BMA consultation paper
IB bosses may have to spend more time here
Tough new rules could mean international insurance bosses having to live in Bermuda or spend more time here, according to experts.
And big firms may also have to look at the residence of members of their boards — and make sure that decisions about Bermuda companies are made on-Island.
The proposed new rules, which appear in a consultation paper published last week by financial regulator the Bermuda Monetary Authority, would also mean a higher level of public disclosure, similar to the EU solvency and financial condition report.
The disclosure rules would mean Bermuda firms would have not only have to provide an economic balance sheet, — calculated in a way intended to represent the economics that an arm’s length transfer of assets or liabilities would entail — but also qualitative information about areas ranging from business performance to risk and capital management.
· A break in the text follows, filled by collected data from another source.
lemma index_two_no_intermediate:
  assumes K: "subgroup K G" and L: "subgroup L G" and "K \<subseteq> L" and "sg_index G L K = 2"
    and M: "subgroup M G" and "K \<subseteq> M" "M \<subseteq> L"
  shows "M = K \<or> M = L"
proof (rule disjCI)
  assume "M \<noteq> L"
  show "M = K"
  proof (rule ccontr)
    assume "M \<noteq> K"
    then obtain z where z: "z \<in> M" "z \<notin> K" using \<open>K \<subseteq> M\<close> by blast
    have "K #> z \<subseteq> M"
      using z \<open>K \<subseteq> M\<close> subgroup.m_closed[OF M] by (auto simp: r_coset_def)
    moreover have "L = K \<union> (K #> z)"
      using sg_index_eq_two_iff assms z by blast
    ultimately show False using \<open>K \<subseteq> M\<close> \<open>M \<subseteq> L\<close> \<open>M \<noteq> L\<close> by blast
  qed
qed

lemma index_two_conj_mem:
  assumes K: "subgroup K G" and L: "subgroup L G" and "K \<subseteq> L" and "sg_index G L K = 2"
    and g: "g \<in> L" and k: "k \<in> K"
  shows "g \<otimes> k \<otimes> inv g \<in> K"
proof (cases "g \<in> K")
  case True
  then show ?thesis using k subgroup.m_closed[OF K] subgroup.m_inv_closed[OF K] by blast
next
  case False
  have gc: "g \<in> carrier G" and kc: "k \<in> carrier G"
    using g k K L subgroup.subset by blast+
  have "g \<otimes> k \<notin> K"
  proof
    assume "g \<otimes> k \<in> K"
    then have "g \<otimes> k \<otimes> inv k \<in> K"
      using k subgroup.m_closed[OF K] subgroup.m_inv_closed[OF K] by blast
    then show False using False gc kc by (simp add: m_assoc)
  qed
  moreover have "g \<otimes> k \<in> L" using g k \<open>K \<subseteq> L\<close> subgroup.m_closed[OF L] by blast
  moreover have "inv g \<in> L" "inv g \<notin> K"
    using g False gc subgroup.m_inv_closed[OF L] subgroup.m_inv_closed[OF K, of "inv g"] by auto
  ultimately show ?thesis using index_two_mult_mem assms by blast
qed

lemma mem_conj_iff:
  assumes "g \<in> carrier G" "M \<subseteq> carrier G" "y \<in> carrier G"
  shows "y \<in> g <# M #> inv g \<longleftrightarrow> inv g \<otimes> y \<otimes> g \<in> M"
proof
  assume "y \<in> g <# M #> inv g"
  then obtain m where "m \<in> M" "y = g \<otimes> m \<otimes> inv g"
    by (auto simp: l_coset_def r_coset_def)
  moreover have "m \<in> carrier G" using \<open>m \<in> M\<close> assms(2) by blast
  ultimately show "inv g \<otimes> y \<otimes> g \<in> M"
    using assms(1) by (simp add: m_assoc)
next
  assume "inv g \<otimes> y \<otimes> g \<in> M"
  moreover have "y = g \<otimes> (inv g \<otimes> y \<otimes> g) \<otimes> inv g"
    using assms by (simp add: m_assoc)
  ultimately show "y \<in> g <# M #> inv g"
    by (auto simp: l_coset_def r_coset_def)
qed

lemma conj_mono: "M \<subseteq> N \<Longrightarrow> g <# M #> h \<subseteq> g <# N #> h"
  by (auto simp: l_coset_def r_coset_def)

lemma conj_carrier:
  assumes "g \<in> carrier G"
  shows "g <# carrier G #> inv g = carrier G"
proof -
  have "g <# carrier G #> inv g \<subseteq> carrier G"
    using assms l_coset_subset_G r_coset_subset_G by simp
  then show ?thesis using mem_conj_iff[OF assms] assms by auto
qed

lemma maximal_subgroup_conj:
  assumes max: "maximal_subgroup G M" and g: "g \<in> carrier G"
  shows "maximal_subgroup G (g <# M #> inv g)"
proof -
  have M: "subgroup M G" "M \<noteq> carrier G"
    and maximal: "\<And>U. subgroup U G \<Longrightarrow> M \<subseteq> U \<Longrightarrow> U = M \<or> U = carrier G"
    using max unfolding maximal_subgroup_def by blast+
  have unconj: "inv g <# (g <# U #> inv g) #> g = U" if "U \<subseteq> carrier G" for U
    using subgroup_conjugation_is_surj0[of "inv g" U] g that by simp
  have "g <# M #> inv g \<noteq> carrier G"
  proof
    assume "g <# M #> inv g = carrier G"
    then have "M = inv g <# carrier G #> g"
      using unconj[OF subgroup.subset[OF M(1)]] by simp
    then show False using conj_carrier[of "inv g"] g M(2) by simp
  qed
  moreover have "U = g <# M #> inv g \<or> U = carrier G"
    if U: "subgroup U G" "g <# M #> inv g \<subseteq> U" for U
  proof -
    have "M \<subseteq> inv g <# U #> g"
      using conj_mono[OF U(2), of "inv g" g] unconj[OF subgroup.subset[OF M(1)]] by simp
    then have "inv g <# U #> g = M \<or> inv g <# U #> g = carrier G"
      using maximal subgroup_conjugation_is_surj1[OF g U(1)] by blast
    then show ?thesis
      using subgroup_conjugation_is_surj0[OF g subgroup.subset[OF U(1)]] conj_carrier[OF g] by auto
  qed
  ultimately show ?thesis
    unfolding maximal_subgroup_def using subgroup_conjugation_is_surj2[OF g M(1)] by blast
qed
Andrew Smith, executive director of advisory processes at financial services firm EY, said that the BMA proposals were part of a bid to fall into line with new rules in the European Union on insurance.
The EU Solvency II directive is due to come into force in 2016 — and failure to meet the standards would mean Bermuda-based commercial insurers would be placed at a competitive disadvantage when doing business in Europe.
Mr Smith said that the changes meant not only strengthening the requirements, but also adding new rules to laws governing insurance in Bermuda, rather than as part of BMA regulations.
He added: “While it’s not a significant change in the Bermuda requirements for some, for these smaller insurers, the head office requirement is something they will need to think about more carefully.”
Mr Smith was speaking after the BMA released the consultation paper on the changes, designed to ensure Bermuda obtained full equivalency with EU Solvency II rules governing the insurance industry.
He said: “What it will do, what all of this is about, is making sure Bermuda gains the international recognition it needs for Europe to ensure it remains competitive in the international market as a jurisdiction of choice.”
He added: “We will see more people here or hopefully people redoubling their efforts to ensure when they are making decisions about a Bermuda company, they are doing that from Bermuda.
“It’s about companies being real Bermuda insurers or reinsurers.”
Mr Smith said that the proposed changes “strongly suggest” that the BMA wants to have all commercial insurance classes in line with the Solvency II rules.
He explained: “Bermuda’s current regulations have different requirements or implementation timelines for different classes of insurers.
“Under the BMA’s proposals, some smaller insurers and reinsurers may find regulatory harmonisation challenging and some long term life companies could find the revised timelines difficult to meet.”
But he added: “However, in the long run, increased international recognition should benefit this jurisdiction’s market as a whole.”
EY partner and Bermuda tax leader Bill Bailey said: “The head office requirements and outsourcing limitations will impact some smaller insurers and reinsurers, but many will not need to change.
“However, any insurers and reinsurers that replace professional outsourced providers by sharing staff across a wider international insurance group will need to be cognisant of unintended tax consequences.
“This is another reason why decisions relating to the Bermuda insurer and reinsurer should be made on Island.
“Bermuda could well see more insurance executives living or spending more time here because of this.”
Pete Cangany, EY senior partner and Bermuda insurance leader, said that many insurance companies already release information similar to the EU solvency and financial condition report — but they would have to “mitigate the risk of confusion in the market when they release it in a new and different format”.
He added: “They will also have to make sure their quality control processes are very robust around any information they are disclosing to the public for the first time under these new regulations.”